Split tunneling became possible because Microsoft is nearly 100 percent in the cloud, which allows its remote workers to access core applications and experiences over the internet via Microsoft Azure and Office 365. Before the company migrated to the cloud, everything would have been routed through VPN.
“It really helps us that most of our mobile workload—including traffic to high volume and performance sensitive Office 365 and Azure applications—is securely routed directly over the internet,” Means says.
In retrospect, adopting split tunneling was a pivotal decision.
“It is allowing our employees to maintain their normal level of productivity even as they work remotely,” he says.
He pointed to how employees are now using Microsoft Teams as an example.
“Our employees have significantly increased their usage of voice and video conferencing on Teams,” he says. “We’ve been able to sustain this massive spike in Teams usage without major issues because it’s being routed over the internet—leaving our VPN capacity for just necessary connections between users and our internal resources.”
There have been challenges, however, which began when the Microsoft’s employees in China started working from home.
“Unlike here at our headquarters and other worldwide locations, when our employees in China work remotely, everything they do goes exclusively through our VPN pipe,” Means says.
That meant 100 percent of the workload of employees in Shanghai and Beijing was suddenly going through already heavily used VPN gateways.
“It was almost an overnight phenomenon,” Means says. “We were suddenly seeing usage of 85 to 95 percent of our network bandwidth and our VPN capacity.”
Already tight before the spread of COVID-19 began, VPN was quickly becoming a bottleneck in China.
“We started asking ourselves a lot of questions,” Means says. “Can we handle the expected number of concurrent VPN sessions? How is bandwidth holding up for employees? What’s their experience like? Are they all being successful?”
Quick action was needed.
“We had data to answer all the questions, but what we didn’t have was a single pane of glass where we could quickly look at everything to see what was happening across the company’s infrastructure,” Means says. “And company leaders were trying to figure out how to respond to the crisis—they needed data from us, and they needed it quickly.”

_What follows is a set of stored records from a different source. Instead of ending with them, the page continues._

inductive ded :: "frame \<Rightarrow> term \<Rightarrow> bool" for \<phi> :: frame where
  d_var: "snd \<phi> x = Some t \<Longrightarrow> ded \<phi> t"
| d_name: "n \<notin> fst \<phi> \<Longrightarrow> ded \<phi> (Name n)"
| d_const: "ded \<phi> (Const c)"
| d_enc: "ded \<phi> a \<Longrightarrow> ded \<phi> b \<Longrightarrow> ded \<phi> c \<Longrightarrow> ded \<phi> (Enc a b c)"
| d_dec: "ded \<phi> a \<Longrightarrow> ded \<phi> b \<Longrightarrow> ded \<phi> (Dec a b)"
| d_enca: "ded \<phi> a \<Longrightarrow> ded \<phi> b \<Longrightarrow> ded \<phi> c \<Longrightarrow> ded \<phi> (Enca a b c)"
| d_deca: "ded \<phi> a \<Longrightarrow> ded \<phi> b \<Longrightarrow> ded \<phi> (Deca a b)"
| d_pub: "ded \<phi> a \<Longrightarrow> ded \<phi> (Pub a)"
| d_pair: "ded \<phi> a \<Longrightarrow> ded \<phi> b \<Longrightarrow> ded \<phi> (Pair a b)"
| d_pi1: "ded \<phi> a \<Longrightarrow> ded \<phi> (Pi1 a)"
| d_pi2: "ded \<phi> a \<Longrightarrow> ded \<phi> (Pi2 a)"
| d_sign: "ded \<phi> a \<Longrightarrow> ded \<phi> b \<Longrightarrow> ded \<phi> (Sign a b)"
| d_check: "ded \<phi> a \<Longrightarrow> ded \<phi> b \<Longrightarrow> ded \<phi> c \<Longrightarrow> ded \<phi> (Check a b c)"
| d_retrieve: "ded \<phi> a \<Longrightarrow> ded \<phi> (Retrieve a)"
| d_eq: "ded \<phi> M \<Longrightarrow> eqE M N \<Longrightarrow> ded \<phi> N"

definition enc_occ :: "term \<Rightarrow> nat list \<Rightarrow> bool" where
  "enc_occ U q \<longleftrightarrow> (\<exists>T. subt U q = Some T \<and> head T \<in> {Some FEnc, Some FEnca})"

The answer was to identify the data that mattered the most and aggregate it into a Microsoft Power BI dashboard, which the company now uses to track all its VPN systems as the COVID-19 situation evolves.
As for the offices in Shanghai and Beijing, Means’s team worked with local internet providers to increase VPN capacity by 50 percent so they had enough headroom to handle the new usage safely.
“That was a budget decision,” Means says. All they had to do was sign some contracts—no new hardware was needed. “Once we agreed that it was the right thing to do, we were able to remove that bottleneck in less than a day.”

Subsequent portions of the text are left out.